## [Stored data]
================
(* Let $d\ge1$, let $a_{-d},\dots,a_d\in\mathbb{C}$ with $a_{-k}=\overline{a_k}$ and $a_d\ne0$, let $b=(b(n))_{n\in\mathbb{Z}}$ be a bounded real sequence, and let $L$ be the operator on $\ell^2(\mathbb{Z})$ given by $(Lu)(n)=\sum_{k=-d}^da_ku(n+k)+b(n)u(n)$. If $u,v\in\ell^2(\mathbb{Z})$ satisfy $Lu=Eu$ and $Lv=Ev$ for the same eigenvalue $E$, then the vectors $U=\begin{pmatrix}\vec u(1)\\\vec u(0)\end{pmatrix}$ and $V=\begin{pmatrix}\vec v(1)\\\vec v(0)\end{pmatrix}$ in $\mathbb{C}^{2d}$ are symplectically orthogonal with respect to $S$, i.e. $U^*SV=0$.
   Context: For a sequence $u$, $\vec u(n)=(u(nd+d-1),\dots,u(nd+1),u(nd))^T\in\mathbb{C}^d$. $C$ is the $d\times d$ upper triangular matrix with first row $(a_d,a_{d-1},\dots,a_1)$, i.e. $C_{ij}=a_{d-j+i}$ for $j\ge i$ and $0$ for $j<i$, and $S=\begin{pmatrix}0&-C^*\\C&0\end{pmatrix}$. *)

theory Defs
  imports "HOL-Analysis.Analysis" "Jordan_Normal_Form.Schur_Decomposition"
begin

(* \vec u(n) = (u(nd+d-1), ..., u(nd+1), u(nd))^T in C^d  (0-indexed component i is u(nd+d-1-i)) *)
definition blockvec :: "(int \<Rightarrow> complex) \<Rightarrow> nat \<Rightarrow> int \<Rightarrow> complex vec" where
  "blockvec u d n = vec d (\<lambda>i. u (n * int d + int d - 1 - int i))"

definition Cmat :: "(int \<Rightarrow> complex) \<Rightarrow> nat \<Rightarrow> complex mat" where
  "Cmat a d = mat d d (\<lambda>(i, j). if i \<le> j then a (int d - int j + int i) else 0)"

definition Smat :: "(int \<Rightarrow> complex) \<Rightarrow> nat \<Rightarrow> complex mat" where
  "Smat a d = four_block_mat (0\<^sub>m d d) (- mat_adjoint (Cmat a d)) (Cmat a d) (0\<^sub>m d d)"

definition Lop :: "(int \<Rightarrow> complex) \<Rightarrow> (int \<Rightarrow> real) \<Rightarrow> nat \<Rightarrow> (int \<Rightarrow> complex) \<Rightarrow> int \<Rightarrow> complex" where
  "Lop a b d u n = (\<Sum>k = - int d..int d. a k * u (n + k)) + complex_of_real (b n) * u n"

definition ell2 :: "(int \<Rightarrow> complex) \<Rightarrow> bool" where
  "ell2 u \<longleftrightarrow> (\<lambda>n. (cmod (u n))\<^sup>2) summable_on UNIV"

end

theory Submission
  imports Defs
begin

(* U^* S V is the value at the cut m = d of a discrete Wronskian W(m), a sesquilinear sum over the
   bonds p -> p + k (1 <= k <= d) of L that cross the cut between m - 1 and m.  For solutions of
   Lu = Eu and Lv = Fv, self-adjointness of the coefficients gives Green's formula
   W(m + 1) - W(m) = (F - cnj E) cnj (u m) v m.  If E is real, W is therefore constant, and it tends
   to 0 along the integers because u and v are square summable; so W = 0.  If E is not real, the
   same formula with v = u shows that (E - cnj E) times the sum of |u n|^2 over -N <= n < N tends
   to 0, so u = 0 and again W = 0. *)

lemma sum_int_symmetric_interval:
  fixes g :: "int \<Rightarrow> 'a::comm_monoid_add"
  shows "(\<Sum>k = - int d..int d. g k) = g 0 + (\<Sum>k = 1..int d. g k + g (- k))"
proof (induction d)
  case (Suc d)
  have "{- int (Suc d)..int (Suc d)} = insert (int d + 1) (insert (- (int d + 1)) {- int d..int d})"
    and "{1..int (Suc d)} = insert (int d + 1) {1..int d}"
    by auto
  with Suc show ?case
    by (simp add: sum.distrib ac_simps)
qed simp

lemma sum_int_interval_shift_diff:
  fixes f :: "int \<Rightarrow> 'a::ab_group_add"
  assumes "0 \<le> k"
  shows "(\<Sum>p = m + 1 - k..<m + 1. f p) - (\<Sum>p = m - k..<m. f p) = f m - f (m - k)"
proof -
  have "(\<Sum>p = m - k..<m + 1. f p) = f m + (\<Sum>p = m - k..<m. f p)"
  proof -
    have "{m - k..<m + 1} = insert m {m - k..<m}"
      using assms by auto
    then show ?thesis
      by simp
  qed
  moreover have "(\<Sum>p = m - k..<m + 1. f p) = f (m - k) + (\<Sum>p = m + 1 - k..<m + 1. f p)"
  proof -
    have "{m - k..<m + 1} = insert (m - k) {m + 1 - k..<m + 1}"
      using assms by auto
    then show ?thesis
      by simp
  qed
  ultimately show ?thesis
    by (simp add: algebra_simps)
qed

lemma sum_lessThan_telescope_int:
  fixes f g :: "int \<Rightarrow> 'a::ab_group_add"
  assumes "\<And>m. f (m + 1) - f m = g m"
  shows "f (M + int n) - f M = (\<Sum>i<n. g (M + int i))"
proof -
  have "g (M + int i) = f (M + int (Suc i)) - f (M + int i)" for i
    using assms[of "M + int i"] by (simp add: ac_simps)
  then have "(\<Sum>i<n. g (M + int i)) = f (M + int n) - f (M + int 0)"
    by (simp only: sum_lessThan_telescope[of "\<lambda>i. f (M + int i)"])
  then show ?thesis
    by simp
qed

lemma conjugate_append_vec:
  fixes v w :: "'a :: conjugatable_ring vec"
  shows "conjugate (v @\<^sub>v w) = conjugate v @\<^sub>v conjugate w"
  unfolding append_vec_def Let_def by (rule eq_vecI) auto

lemma scalar_prod_mat_adjoint:
  fixes A :: "complex mat"
  assumes "A \<in> carrier_mat n m" "x \<in> carrier_vec m" "y \<in> carrier_vec n"
  shows "conjugate x \<bullet> (mat_adjoint A *\<^sub>v y) = cnj (conjugate y \<bullet> (A *\<^sub>v x))"
  using assms
  by (simp add: scalar_prod_def mult_mat_vec_def mat_adjoint_def mat_of_rows_def cols_def
      sum_distrib_left cnj_sum ac_simps sum.swap[of _ "{0..<m}"])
================
## [REQUIRED WORK]
Set down the entries above again, word for word.

## [OUTPUT OF THE TASK]
(* Let $d\ge1$, let $a_{-d},\dots,a_d\in\mathbb{C}$ with $a_{-k}=\overline{a_k}$ and $a_d\ne0$, let $b=(b(n))_{n\in\mathbb{Z}}$ be a bounded real sequence, and let $L$ be the operator on $\ell^2(\mathbb{Z})$ given by $(Lu)(n)=\sum_{k=-d}^da_ku(n+k)+b(n)u(n)$. If $u,v\in\ell^2(\mathbb{Z})$ satisfy $Lu=Eu$ and $Lv=Ev$ for the same eigenvalue $E$, then the vectors $U=\begin{pmatrix}\vec u(1)\\\vec u(0)\end{pmatrix}$ and $V=\begin{pmatrix}\vec v(1)\\\vec v(0)\end{pmatrix}$ in $\mathbb{C}^{2d}$ are symplectically orthogonal with respect to $S$, i.e. $U^*SV=0$.
   Context: For a sequence $u$, $\vec u(n)=(u(nd+d-1),\dots,u(nd+1),u(nd))^T\in\mathbb{C}^d$. $C$ is the $d\times d$ upper triangular matrix with first row $(a_d,a_{d-1},\dots,a_1)$, i.e. $C_{ij}=a_{d-j+i}$ for $j\ge i$ and $0$ for $j<i$, and $S=\begin{pmatrix}0&-C^*\\C&0\end{pmatrix}$. *)

theory Defs
  imports "HOL-Analysis.Analysis" "Jordan_Normal_Form.Schur_Decomposition"
begin

(* \vec u(n) = (u(nd+d-1), ..., u(nd+1), u(nd))^T in C^d  (0-indexed component i is u(nd+d-1-i)) *)
definition blockvec :: "(int \<Rightarrow> complex) \<Rightarrow> nat \<Rightarrow> int \<Rightarrow> complex vec" where
  "blockvec u d n = vec d (\<lambda>i. u (n * int d + int d - 1 - int i))"

definition Cmat :: "(int \<Rightarrow> complex) \<Rightarrow> nat \<Rightarrow> complex mat" where
  "Cmat a d = mat d d (\<lambda>(i, j). if i \<le> j then a (int d - int j + int i) else 0)"

definition Smat :: "(int \<Rightarrow> complex) \<Rightarrow> nat \<Rightarrow> complex mat" where
  "Smat a d = four_block_mat (0\<^sub>m d d) (- mat_adjoint (Cmat a d)) (Cmat a d) (0\<^sub>m d d)"

definition Lop :: "(int \<Rightarrow> complex) \<Rightarrow> (int \<Rightarrow> real) \<Rightarrow> nat \<Rightarrow> (int \<Rightarrow> complex) \<Rightarrow> int \<Rightarrow> complex" where
  "Lop a b d u n = (\<Sum>k = - int d..int d. a k * u (n + k)) + complex_of_real (b n) * u n"

definition ell2 :: "(int \<Rightarrow> complex) \<Rightarrow> bool" where
  "ell2 u \<longleftrightarrow> (\<lambda>n. (cmod (u n))\<^sup>2) summable_on UNIV"

end

theory Submission
  imports Defs
begin

(* U^* S V is the value at the cut m = d of a discrete Wronskian W(m), a sesquilinear sum over the
   bonds p -> p + k (1 <= k <= d) of L that cross the cut between m - 1 and m.  For solutions of
   Lu = Eu and Lv = Fv, self-adjointness of the coefficients gives Green's formula
   W(m + 1) - W(m) = (F - cnj E) cnj (u m) v m.  If E is real, W is therefore constant, and it tends
   to 0 along the integers because u and v are square summable; so W = 0.  If E is not real, the
   same formula with v = u shows that (E - cnj E) times the sum of |u n|^2 over -N <= n < N tends
   to 0, so u = 0 and again W = 0. *)

lemma sum_int_symmetric_interval:
  fixes g :: "int \<Rightarrow> 'a::comm_monoid_add"
  shows "(\<Sum>k = - int d..int d. g k) = g 0 + (\<Sum>k = 1..int d. g k + g (- k))"
proof (induction d)
  case (Suc d)
  have "{- int (Suc d)..int (Suc d)} = insert (int d + 1) (insert (- (int d + 1)) {- int d..int d})"
    and "{1..int (Suc d)} = insert (int d + 1) {1..int d}"
    by auto
  with Suc show ?case
    by (simp add: sum.distrib ac_simps)
qed simp

lemma sum_int_interval_shift_diff:
  fixes f :: "int \<Rightarrow> 'a::ab_group_add"
  assumes "0 \<le> k"
  shows "(\<Sum>p = m + 1 - k..<m + 1. f p) - (\<Sum>p = m - k..<m. f p) = f m - f (m - k)"
proof -
  have "(\<Sum>p = m - k..<m + 1. f p) = f m + (\<Sum>p = m - k..<m. f p)"
  proof -
    have "{m - k..<m + 1} = insert m {m - k..<m}"
      using assms by auto
    then show ?thesis
      by simp
  qed
  moreover have "(\<Sum>p = m - k..<m + 1. f p) = f (m - k) + (\<Sum>p = m + 1 - k..<m + 1. f p)"
  proof -
    have "{m - k..<m + 1} = insert (m - k) {m + 1 - k..<m + 1}"
      using assms by auto
    then show ?thesis
      by simp
  qed
  ultimately show ?thesis
    by (simp add: algebra_simps)
qed

lemma sum_lessThan_telescope_int:
  fixes f g :: "int \<Rightarrow> 'a::ab_group_add"
  assumes "\<And>m. f (m + 1) - f m = g m"
  shows "f (M + int n) - f M = (\<Sum>i<n. g (M + int i))"
proof -
  have "g (M + int i) = f (M + int (Suc i)) - f (M + int i)" for i
    using assms[of "M + int i"] by (simp add: ac_simps)
  then have "(\<Sum>i<n. g (M + int i)) = f (M + int n) - f (M + int 0)"
    by (simp only: sum_lessThan_telescope[of "\<lambda>i. f (M + int i)"])
  then show ?thesis
    by simp
qed

lemma conjugate_append_vec:
  fixes v w :: "'a :: conjugatable_ring vec"
  shows "conjugate (v @\<^sub>v w) = conjugate v @\<^sub>v conjugate w"
  unfolding append_vec_def Let_def by (rule eq_vecI) auto

lemma scalar_prod_mat_adjoint:
  fixes A :: "complex mat"
  assumes "A \<in> carrier_mat n m" "x \<in> carrier_vec m" "y \<in> carrier_vec n"
  shows "conjugate x \<bullet> (mat_adjoint A *\<^sub>v y) = cnj (conjugate y \<bullet> (A *\<^sub>v x))"
  using assms
  by (simp add: scalar_prod_def mult_mat_vec_def mat_adjoint_def mat_of_rows_def cols_def
      sum_distrib_left cnj_sum ac_simps sum.swap[of _ "{0..<m}"])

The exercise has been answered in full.